Word for word, transcribe the material below from its first line to the line with "space M \<inter>", both included.

── EXERCISE DATA

lemma three_large_steps_outside_bad:
  assumes "\<omega> \<in> space M" "\<omega> \<notin> bad n"
  shows "3 \<le> card {i \<in> {1..n}. int (low_level n) < \<bar>\<xi> i \<omega>\<bar>}"
proof -
  let ?m = "int (low_level n)"
  have block_large: "\<exists>i \<in> block n b. ?m < \<bar>\<xi> i \<omega>\<bar>" if "b < 3" for b
  proof -
    have "\<omega> \<notin> space M \<inter> (\<Inter>i\<in>block n b. step_in i {- ?m..?m})"
      using that assms(2) by (auto simp: bad_def quiet_block_def)
    then obtain i where "i \<in> block n b" "\<xi> i \<omega> \<notin> {- ?m..?m}"
      using assms(1) by (auto simp: step_in_def)
    then show ?thesis
      by (intro bexI[of _ i]) auto
  qed
  obtain a0 a1 a2 where "a0 \<in> block n 0" "a1 \<in> block n 1" "a2 \<in> block n 2"
    and "?m < \<bar>\<xi> a0 \<omega>\<bar>" "?m < \<bar>\<xi> a1 \<omega>\<bar>" "?m < \<bar>\<xi> a2 \<omega>\<bar>"
    using block_large[of 0] block_large[of 1] block_large[of 2] by auto
  moreover have "3 * (n div 3) \<le> n"
    by simp
  ultimately have "{a0, a1, a2} \<subseteq> {i \<in> {1..n}. ?m < \<bar>\<xi> i \<omega>\<bar>}" "card {a0, a1, a2} = 3"
    by (auto simp: block_def)
  then show ?thesis
    using card_mono[of "{i \<in> {1..n}. ?m < \<bar>\<xi> i \<omega>\<bar>}" "{a0, a1, a2}"] by simp
qed

lemma no_triple_level_outside_bad:
  assumes "\<omega> \<in> space M" "\<omega> \<notin> bad n"
    and "i \<in> {1..n}" "j \<in> {1..n}" "l \<in> {1..n}" "distinct [i, j, l]"
    and "int (low_level n) < \<bar>\<xi> i \<omega>\<bar>" "\<bar>\<xi> j \<omega>\<bar> = \<bar>\<xi> i \<omega>\<bar>"
  shows "\<bar>\<xi> l \<omega>\<bar> \<noteq> \<bar>\<xi> i \<omega>\<bar>"
proof
  assume "\<bar>\<xi> l \<omega>\<bar> = \<bar>\<xi> i \<omega>\<bar>"
  then have "\<omega> \<in> step_in i {- int k, int k} \<inter> step_in j {- int k, int k} \<inter>
      step_in l {- int k, int k}"
    if "k = nat \<bar>\<xi> i \<omega>\<bar>" for k
    using that in_step_in_abs_level[OF assms(1)] assms(8) by blast
  moreover have "(i, j, l) \<in> triples n"
    using assms(3-6) by (simp add: triples_def)
  ultimately have "\<omega> \<in> triple_level n"
    unfolding triple_level_def using large_level_outside_bad[OF assms(1,2,3,7)] by blast
  then show False
    using assms(2) by (simp add: bad_def)
qed

lemma no_two_double_levels_outside_bad:
  assumes "\<omega> \<in> space M" "\<omega> \<notin> bad n"
    and "i \<in> {1..n}" "j \<in> {1..n}" "u \<in> {1..n}" "v \<in> {1..n}" "distinct [i, j, u, v]"
    and "int (low_level n) < \<bar>\<xi> i \<omega>\<bar>" "\<bar>\<xi> j \<omega>\<bar> = \<bar>\<xi> i \<omega>\<bar>"
    and "int (low_level n) < \<bar>\<xi> u \<omega>\<bar>"
  shows "\<bar>\<xi> v \<omega>\<bar> \<noteq> \<bar>\<xi> u \<omega>\<bar>"
proof
  assume "\<bar>\<xi> v \<omega>\<bar> = \<bar>\<xi> u \<omega>\<bar>"
  then have "\<omega> \<in> step_in i {- int k, int k} \<inter> step_in j {- int k, int k} \<inter>
      step_in u {- int k', int k'} \<inter> step_in v {- int k', int k'}"
    if "k = nat \<bar>\<xi> i \<omega>\<bar>" "k' = nat \<bar>\<xi> u \<omega>\<bar>" for k k'
    using that in_step_in_abs_level[OF assms(1)] assms(9) by blast
  moreover have "(i, j, u, v) \<in> quadruples n"
    using assms(3-7) by (simp add: quadruples_def)
  ultimately have "\<omega> \<in> two_double_levels n"
    unfolding two_double_levels_def
    using large_level_outside_bad[OF assms(1,2,3,8)] large_level_outside_bad[OF assms(1,2,5,10)]
    by blast
  then show False
    using assms(2) by (simp add: bad_def)
qed

lemma signed_sum_large_outside_bad:
  assumes "\<omega> \<in> space M" "\<omega> \<notin> bad n"
  shows "\<exists>K > int (low_level n). double_exp K - real n * double_exp (K - 1)
    \<le> \<bar>\<Sum>i\<in>{1..n}. of_int (sgn (\<xi> i \<omega>)) * double_exp \<bar>\<xi> i \<omega>\<bar>\<bar>"
proof -
  let ?m = "int (low_level n)"
  have "\<exists>K > ?m. double_exp K - real (card {1..n}) * double_exp (K - 1)
      \<le> \<bar>\<Sum>i\<in>{1..n}. of_int (sgn (\<xi> i \<omega>)) * double_exp \<bar>\<xi> i \<omega>\<bar>\<bar>"
  proof (rule abs_signed_sum_ge_sparse_levels[where lv = "\<lambda>i. \<bar>\<xi> i \<omega>\<bar>"
        and \<sigma> = "\<lambda>i. sgn (\<xi> i \<omega>)", OF double_exp_mono _ finite_atLeastAtMost _ _
        three_large_steps_outside_bad[OF assms] no_triple_level_outside_bad[OF assms]
        no_two_double_levels_outside_bad[OF assms]])
    show "0 \<le> double_exp k" for k
      by (rule order_trans[OF zero_le_one one_le_double_exp])
    show "\<bar>sgn (\<xi> i \<omega>)\<bar> \<le> 1" for i
      by (simp add: abs_sgn_eq)
    show "sgn (\<xi> i \<omega>) \<noteq> 0" if "?m < \<bar>\<xi> i \<omega>\<bar>" for i
      using that by (auto simp: sgn_eq_0_iff)
  qed
  then show ?thesis
    by simp
qed

lemma AE_finite_visits:
  assumes f_near: "\<And>j y. j \<noteq> 0 \<Longrightarrow> \<bar>f j y - shift_map j y\<bar> \<le> C"
  shows "AE \<omega> in M. finite {n. comp_seq (\<lambda>i. f (\<xi> i \<omega>)) n x \<in> {a..b}}"
proof -
  define R where "R = \<bar>x\<bar> + \<bar>a\<bar> + \<bar>b\<bar>"
  have "0 \<le> R" "0 \<le> C"
    using f_near[of 1 0] by (simp_all add: R_def)
  have "AE \<omega> in M. eventually (\<lambda>n. \<omega> \<in> space M - bad n) sequentially"
    using bad_sets summable_prob_bad by (intro borel_cantelli_AE1) (auto simp: emeasure_eq_measure)
  then show ?thesis
  proof (rule AE_mp, intro AE_I2 impI)
    fix \<omega>
    assume "eventually (\<lambda>n. \<omega> \<in> space M - bad n) sequentially"
    then have "eventually (\<lambda>n. comp_seq (\<lambda>i. f (\<xi> i \<omega>)) n x \<notin> {a..b}) sequentially"
      using eventually_double_exp_gap[OF \<open>0 \<le> R\<close> \<open>0 \<le> C\<close>]
    proof eventually_elim
      case (elim n)
      let ?c = "\<lambda>i. of_int (sgn (\<xi> i \<omega>)) * double_exp \<bar>\<xi> i \<omega>\<bar>"
      obtain K where "int (low_level n) < K"
        and "double_exp K - real n * double_exp (K - 1) \<le> \<bar>\<Sum>i\<in>{1..n}. ?c i\<bar>"
        using signed_sum_large_outside_bad[of \<omega> n] elim by auto
      moreover have "real n powr (9/10) < of_int K"
        using \<open>int (low_level n) < K\<close> low_level_bounds(2)[of n] by linarith
      ultimately have "R + real n * C < \<bar>\<Sum>i\<in>{1..n}. ?c i\<bar>"
        using elim(2) by fastforce
      moreover have "\<bar>comp_seq (\<lambda>i. f (\<xi> i \<omega>)) n x - (x + (\<Sum>i = 1..n. ?c i))\<bar> \<le> real n * C"
      proof (rule comp_seq_near_translations)
        fix i y
        assume "1 \<le> i" "i \<le> n"
        then have "\<xi> i \<omega> \<noteq> 0"
          using elim(1) by (auto simp: bad_def zero_step_def step_in_def)
        then show "\<bar>f (\<xi> i \<omega>) y - (y + ?c i)\<bar> \<le> C"
          using f_near by (simp add: shift_map_eq_double_exp)
      qed
      ultimately show ?case
        by (auto simp: R_def)
    qed
    then show "finite {n. comp_seq (\<lambda>i. f (\<xi> i \<omega>)) n x \<in> {a..b}}"
      by (simp add: eventually_cofinite flip: cofinite_eq_sequentially)
  qed
qed

end

theorem theorem5:
  fixes M :: "'w measure" and \<xi> :: "nat \<Rightarrow> 'w \<Rightarrow> int"
  assumes "prob_space M"
    and meas: "\<And>n. n \<ge> 1 \<Longrightarrow> \<xi> n \<in> measurable M (count_space UNIV)"
    and indep: "prob_space.indep_vars M (\<lambda>_. count_space UNIV) \<xi> {1..}"
    and distr: "\<And>n j. n \<ge> 1 \<Longrightarrow> measure M {\<omega> \<in> space M. \<xi> n \<omega> = j} = pw j"
  shows "(\<forall>(x::real) (a::real) b.
            AE \<omega> in M. finite {n. comp_seq (\<lambda>i. shift_map (\<xi> i \<omega>)) n x \<in> {a..b}})
       \<and> (\<forall>ft :: int \<Rightarrow> real \<Rightarrow> real.
            (\<exists>C. \<forall>j. j \<noteq> 0 \<longrightarrow> (\<forall>y. \<bar>ft j y - shift_map j y\<bar> \<le> C)) \<longrightarrow>
            (\<forall>(x::real) (a::real) b.
               AE \<omega> in M. finite {n. comp_seq (\<lambda>i. ft (\<xi> i \<omega>)) n x \<in> {a..b}}))"
proof -
  interpret shift_walk M \<xi>
    using assms by (auto simp: shift_walk_def shift_walk_axioms_def)
  show ?thesis
  proof (intro conjI allI impI)
    fix x a b :: real
    show "AE \<omega> in M. finite {n. comp_seq (\<lambda>i. shift_map (\<xi> i \<omega>)) n x \<in> {a..b}}"
      by (rule AE_finite_visits[of shift_map 0]) simp
  next
    fix ft :: "int \<Rightarrow> real \<Rightarrow> real" and x a b :: real
    assume "\<exists>C. \<forall>j. j \<noteq> 0 \<longrightarrow> (\<forall>y. \<bar>ft j y - shift_map j y\<bar> \<le> C)"
    then obtain C where "\<And>j y. j \<noteq> 0 \<Longrightarrow> \<bar>ft j y - shift_map j y\<bar> \<le> C"
      by blast
    then show "AE \<omega> in M. finite {n. comp_seq (\<lambda>i. ft (\<xi> i \<omega>)) n x \<in> {a..b}}"
      by (rule AE_finite_visits)
  qed
qed

end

────

COMPLETED TASK -
lemma three_large_steps_outside_bad:
  assumes "\<omega> \<in> space M" "\<omega> \<notin> bad n"
  shows "3 \<le> card {i \<in> {1..n}. int (low_level n) < \<bar>\<xi> i \<omega>\<bar>}"
proof -
  let ?m = "int (low_level n)"
  have block_large: "\<exists>i \<in> block n b. ?m < \<bar>\<xi> i \<omega>\<bar>" if "b < 3" for b
  proof -
    have "\<omega> \<notin> space M \<inter> (\<Inter>i\<in>block n b. step_in i {- ?m..?m})"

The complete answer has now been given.